開催地となったドイツのハンブルクには北キプロス、グリーンランド、ザンジバル、さらにはチベット代表や「ザンクトパウリ共和国」なる風変わりなチームが集結。FIFAからの有形無形の圧力や、ビザ発給をめぐる政治的トラブルに見舞われながらも、ピッチ上では国家の威信をかけた、泥臭くも熱い激突が繰り広げられた。
スポーツライターが苦笑まじりに解説する。
「FIFIという名称はFIFAを露骨に意識して付けられたもので、事実上の主催者はハンブルクを本拠地とするサッカークラブ『FCザンクトパウリ』でした。2025-2026シーズンはブンデスリーガ最下位に終わり、来季の2部降格がすでに決定するなど、1部と2部と行き来するエレベータークラブですが、大会当時の2006年は3部リーグに所属と低迷。

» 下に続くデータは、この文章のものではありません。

(* Let $0<\alpha<1$, $0\le\rho<1-(1+\alpha)^{-1/2}$, $\gamma=(1+\alpha)(1-\rho)^2-1$, $\sigma=(1-\rho)(2-\rho)^{-1}$, and let $\ell$ be a positive integer with $\ell\ge 4\gamma^{-1}$. Let $\mathcal{C}\subseteq[q]^n$ be a code and $S\subseteq[n]$ with $|S|=m$. If $\mathcal{C}_S$ is not $(\rho,\ell,\ell(1+\alpha))$-list recoverable, then there is a set $\mathcal{C}'\subseteq\mathcal{C}_S$ with $|\mathcal{C}'|\le 10\sqrt{\ell/\gamma}$ and $|T_S(\mathcal{C}')|\ge\sigma m/4$.
   Context: For $S\subseteq[n]$, $\mathcal{C}_S\subseteq[q]^S$ denotes the puncturing of $\mathcal{C}$ to $S$ (restriction of each codeword to coordinates in $S$). A code $\mathcal{D}\subseteq[q]^S$ is $(\rho,\ell,L)$-list recoverable if for all sets $A_i\subseteq[q]$ ($i\in S$) with $|A_i|\le\ell$, at most $L$ codewords $c\in\mathcal{D}$ differ from $\prod_{i\in S}A_i$ in at most $\rho|S|$ coordinates (i.e. have $c[i]\notin A_i$ for at most $\rho|S|$ indices $i\in S$). For $\mathcal{C}'\subseteq\mathcal{C}_S$, $T_S(\mathcal{C}')$ is the set of coordinates $i\in S$ for which there exist two distinct $c_1,c_2\in\mathcal{C}'$ with $c_1[i]=c_2[i]$. *)

theory Defs
  imports "HOL-Library.FuncSet" Complex_Main
begin

text \<open>Words of length n over [q] are extensional functions in
  PiE {..<n} (\<lambda>_. {..<q}); so [n] = {0..<n}, [q] = {0..<q}.\<close>

definition code :: "nat \<Rightarrow> nat \<Rightarrow> (nat \<Rightarrow> nat) set \<Rightarrow> bool" where
  "code q n C \<longleftrightarrow> C \<subseteq> PiE {..<n} (\<lambda>_. {..<q})"

definition puncture :: "(nat \<Rightarrow> nat) set \<Rightarrow> nat set \<Rightarrow> (nat \<Rightarrow> nat) set" where
  "puncture C S = (\<lambda>c. restrict c S) ` C"

definition list_recoverable ::
  "nat \<Rightarrow> nat set \<Rightarrow> (nat \<Rightarrow> nat) set \<Rightarrow> real \<Rightarrow> nat \<Rightarrow> real \<Rightarrow> bool" where
  "list_recoverable q S D \<rho> l L \<longleftrightarrow>
     (\<forall>A :: nat \<Rightarrow> nat set. (\<forall>i\<in>S. A i \<subseteq> {..<q} \<and> card (A i) \<le> l) \<longrightarrow>
        real (card {c \<in> D. real (card {i \<in> S. c i \<notin> A i}) \<le> \<rho> * real (card S)}) \<le> L)"

definition T_set :: "nat set \<Rightarrow> (nat \<Rightarrow> nat) set \<Rightarrow> nat set" where
  "T_set S C' = {i \<in> S. \<exists>c1\<in>C'. \<exists>c2\<in>C'. c1 \<noteq> c2 \<and> c1 i = c2 i}"

end

theory Submission
  imports Defs
begin

text \<open>Non-recoverability provides lists \<open>A i\<close> of size at most \<open>l\<close> and a set \<open>E\<close> of between
  \<open>(1 + \<alpha>) l\<close> and \<open>2 l\<close> codewords, each agreeing with the lists on all but \<open>\<rho> m\<close> coordinates.
  By averaging, on at least \<open>\<sigma> m\<close> coordinates \<open>i\<close> at least \<open>(1 - \<rho>)\<^sup>2 |E|\<close> codewords agree
  with \<open>A i\<close>; since only \<open>|A i| \<le> l\<close> of them can take distinct values there, they contain
  more than \<open>\<gamma> l / 2\<close> disjoint pairs colliding at \<open>i\<close>. A uniformly random \<open>k\<close>-subset of \<open>E\<close>,
  \<open>k \<approx> 2 sqrt (l / \<gamma>)\<close>, contains a fixed pair with probability \<open>p = k(k-1) / (|E|(|E|-1))\<close>, and by
  second-order inclusion-exclusion over about \<open>1 / (2p)\<close> of these pairs it contains one of
  them with probability at least \<open>1/4\<close>. Averaging over all \<open>k\<close>-subsets gives the required \<open>C'\<close>.\<close>

section \<open>Matchings of colliding pairs\<close>

definition collision_matching :: "('a \<Rightarrow> 'b) \<Rightarrow> 'a set \<Rightarrow> 'a set set \<Rightarrow> bool" where
  "collision_matching h D M \<longleftrightarrow> finite M \<and> pairwise disjnt M \<and>
     (\<forall>e\<in>M. e \<subseteq> D \<and> (\<exists>x y. e = {x, y} \<and> x \<noteq> y \<and> h x = h y))"

lemma collision_matching_memE:
  assumes "collision_matching h D M" "e \<in> M"
  obtains x y where "e = {x, y}" "{x, y} \<subseteq> D" "x \<noteq> y" "h x = h y"
proof -
  have "e \<subseteq> D \<and> (\<exists>x y. e = {x, y} \<and> x \<noteq> y \<and> h x = h y)"
    using assms by (simp add: collision_matching_def)
  then obtain x y where "e \<subseteq> D" "e = {x, y}" "x \<noteq> y" "h x = h y"
    by blast
  then show thesis
    using that[of x y] by simp
qed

それでもドイツ屈指の熱狂的で反骨精神溢れるサポーターが多いことで知られ、彼らの情熱がこの奇跡の大会を動かしました」
興行的には完全に失敗だった「放映権料もスポンサー料も入らず」
ピッチに立つことすら政治に阻まれてきた戦士たちに表現の場を与えた大義は、草の根サッカーの底知れぬ情熱として爆発。しかし北キプロスが優勝したこの狂騒の祭典は、2006年の一度きりで歴史の闇へと消え去ることになる。いったいなぜか。
スポーツライターが続けて明かす。
「スタジアムには大勢の観客が押し寄せ、イベント自体は異様な盛り上がりを見せました。しかし、興行としては大赤字。FIFA主催のW杯のように天文学的な放映権料やスポンサー料が入るわけでもないのに、国際大会としての体裁を維持するための運営費だけは莫大にかかってしまった。結果として、興行的には完全に失敗だったのです」
利権も巨万の富もない。だが、そこには確かに、剥き出しの命のやり取りがあった。歴史のエアポケットに刻まれた幻の祭典は、20年後の今も色褪せない輝きを放っている…かもしれない。